1919 film by Hobart Henley

The Woman on the Index is a 1919 American silent drama film directed by Hobart Henley and starring Pauline Frederick and her then-husband playwright Willard Mack. It was Frederick's first film at Goldwyn Pictures after coming over from Paramount. The film was adapted by Mack based on a 1918 Broadway play of the same name by Lillian Trimble Bradley and George Broadhurst. The play had been based on a short story, again by the same name, by Frank M. O'Brien, which first appeared in Munsey's Magazine in 1913.

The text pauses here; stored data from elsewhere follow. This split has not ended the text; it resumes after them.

lemma sublist_map_upt_pair:
  assumes "sublist [a, b] (map s [0..<L])"
  shows "\<exists>k. s k = a \<and> s (Suc k) = b"
proof -
  obtain ps ss where split: "map s [0..<L] = ps @ [a, b] @ ss"
    using assms unfolding sublist_def by blast
  have "length (map s [0..<L]) = length (ps @ [a, b] @ ss)"
    by (simp only: split)
  then have "Suc (length ps) < L"
    by simp
  then show ?thesis
    using arg_cong[OF split, of "\<lambda>u. u ! length ps"] arg_cong[OF split, of "\<lambda>u. u ! Suc (length ps)"]
    by (auto simp: nth_append)
qed

lemma A2_letter_map_less:
  assumes "A2 I phi0 phi1" and "u \<in> I" and "v \<in> I" and "u < v"
  shows "letter_map phi0 phi1 b u < letter_map phi0 phi1 b v"
    and "letter_map phi0 phi1 b v - letter_map phi0 phi1 b u < v - u"
  using assms unfolding A2_def by blast+

lemma A2_letter_map_le:
  assumes "A2 I phi0 phi1" and "u \<in> I" and "v \<in> I" and "u \<le> v"
  shows "letter_map phi0 phi1 b u \<le> letter_map phi0 phi1 b v"
    and "letter_map phi0 phi1 b v - letter_map phi0 phi1 b u \<le> v - u"
  using A2_letter_map_less[OF assms(1-3), of b] assms(4) by (cases "u = v"; force)+

lemmas A2_phi0_less = A2_letter_map_less[where b = False, unfolded letter_map_def if_False]
lemmas A2_phi1_less = A2_letter_map_less[where b = True, unfolded letter_map_def if_True]
lemmas A2_phi0_le = A2_letter_map_le[where b = False, unfolded letter_map_def if_False]
lemmas A2_phi1_le = A2_letter_map_le[where b = True, unfolded letter_map_def if_True]

lemma thr_orbit_in:
  assumes "A2 I phi0 phi1" and "x \<in> I"
  shows "thr_orbit phi0 phi1 x j \<in> I"
  using assms by (induction j) (auto simp: A2_def Let_def)

lemma fits_orbit_True_if_le_phi1:
  assumes A2: "A2 I phi0 phi1" and "x \<in> I" and "x \<le> phi1 x"
  shows "fits_orbit phi0 phi1 x [True]"
proof -
  have "x \<le> thr_orbit phi0 phi1 x j" for j
  proof (induction j)
    case 0
    then show ?case using \<open>x \<le> phi1 x\<close> by simp
  next
    case (Suc j)
    then show ?case
      using A2_phi1_le(1)[OF A2 \<open>x \<in> I\<close> thr_orbit_in[OF A2 \<open>x \<in> I\<close>] Suc] \<open>x \<le> phi1 x\<close>
      by (simp add: Let_def)
  qed
  then show ?thesis
    by (simp add: fits_orbit_def letter_map_def Let_def)
qed
lemma orbit_of_eq_block_if_size_eq:
  assumes pos: "\<forall>a\<in>set L. 0 < a" and h: "h \<in> young L"
    and size: "size (cycle_type (sum_list L) h) = length L" and x: "x < sum_list L"
  shows "orbit_of h x = block L (block_of L x)"
proof
  let ?Orb = "orbit_of h ` {0..<sum_list L}"
  have "card ((\<lambda>S. block_of L ` S) ` ?Orb) = card ?Orb"
    using size by (simp add: blocks_of_orbits[OF pos h] card_image size_cycle_type)
  then have inj: "inj_on (\<lambda>S. block_of L ` S) ?Orb"
    by (simp add: eq_card_imp_inj_on)
  show "block L (block_of L x) \<subseteq> orbit_of h x"
  proof
    fix y assume y: "y \<in> block L (block_of L x)"
    then have "y < sum_list L" by (simp add: block_def)
    then have "block_of L ` orbit_of h y = block_of L ` orbit_of h x"
      using x y block_of_image_orbit_of[OF h] by (simp add: block_def)
    then have "orbit_of h y = orbit_of h x"
      using inj x \<open>y < sum_list L\<close> by (simp add: inj_on_eq_iff)
    then show "y \<in> orbit_of h x" using orbit_of_self[of y h] by simp
  qed
qed (rule orbit_of_subset_block[OF h x])

lemma cycle_type_eq_mset_if_orbits_are_blocks:
  assumes pos: "\<forall>a\<in>set L. 0 < a"
    and orbits: "\<And>x. x < sum_list L \<Longrightarrow> orbit_of h x = block L (block_of L x)"
  shows "cycle_type (sum_list L) h = mset L"
proof -
  have Orb: "orbit_of h ` {0..<sum_list L} = block L ` {0..<length L}"
    unfolding block_of_image[OF pos, symmetric] image_image
    using orbits by (intro image_cong) simp_all
  have "inj_on (block L) {0..<length L}"
  proof (rule inj_onI)
    fix i j assume "i \<in> {0..<length L}" and eq: "block L i = block L j"
    then obtain y where "y \<in> block L i" using block_nonempty[OF pos] by fastforce
    then show "i = j" using eq by (auto simp: block_def)
  qed
  then have "cycle_type (sum_list L) h = image_mset card (image_mset (block L) (mset_set {0..<length L}))"
    unfolding cycle_type_def Orb by (simp only: image_mset_mset_set)
  also have "\<dots> = image_mset (nth L) (mset_set {0..<length L})"
    unfolding image_mset.compositionality by (intro image_mset_cong) (simp add: card_block)
  also have "\<dots> = mset (map (nth L) [0..<length L])"
    by simp
  also have "\<dots> = mset L"
    by (simp add: map_nth)
  finally show ?thesis .
qed

lemma cycle_type_std_perm:
  "\<forall>a\<in>set L. 0 < a \<Longrightarrow> cycle_type (sum_list L) (std_perm L) = mset L"
  using orbit_of_subset_block[OF std_perm_in_young] block_subset_orbit_of_std_perm
  by (intro cycle_type_eq_mset_if_orbits_are_blocks) (simp_all add: subset_antisym)

lemma cycle_type_eq_mset_if_size_eq:
  assumes "\<forall>a\<in>set L. 0 < a" and "h \<in> young L"
    and "size (cycle_type (sum_list L) h) = length L"
  shows "cycle_type (sum_list L) h = mset L"
  by (rule cycle_type_eq_mset_if_orbits_are_blocks[OF assms(1) orbit_of_eq_block_if_size_eq[OF assms]])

Openings for the film were held at the Rialto Theatre in New York City and at the Colonial Theatre in Green Bay, Wisconsin in March of 1919.

==Plot==
As described in a film magazine, Sylvia Martin's past is that of despair. Turned out of an unhappy home, she becomes the wife of a handsome and manly type of crook. However, before the marriage can be consummated, he kills himself to avoid arrest. Sylvia is put on trial for murder and acquitted, but her name is recorded in a police index that falls into the hands of Hugo Declasse, an astute agent of the Bolsheviki. He pursues the wife, but she is also compelled to lend herself to the schemes of a secret service officer. She through her cleverness obtains documents held in the rooms of Declasse. In the end, she is returned to the arms of a forgiving and adoring husband.

==Cast==
- Pauline Frederick as Sylvia Martin
- Wyndham Standing as David Maber
- Willard Mack as Hugo Declasse
- Ben Hendricks Sr. as John Alden (*as Ben Hendricks)
- Jere Austin as Louis Gordon
- Louis Stern as John Martin
- Francis Joyner as Butler (as Frank Joyner)
- Florence Ashbrooke as Mother Fralonz
- Florida Kingsley as Mrs. Martin

==Preservation==
The Woman on the Index is currently presumed lost. In February of 2021, the film was cited by the National Film Preservation Board on their Lost U.S. Silent Feature Films list.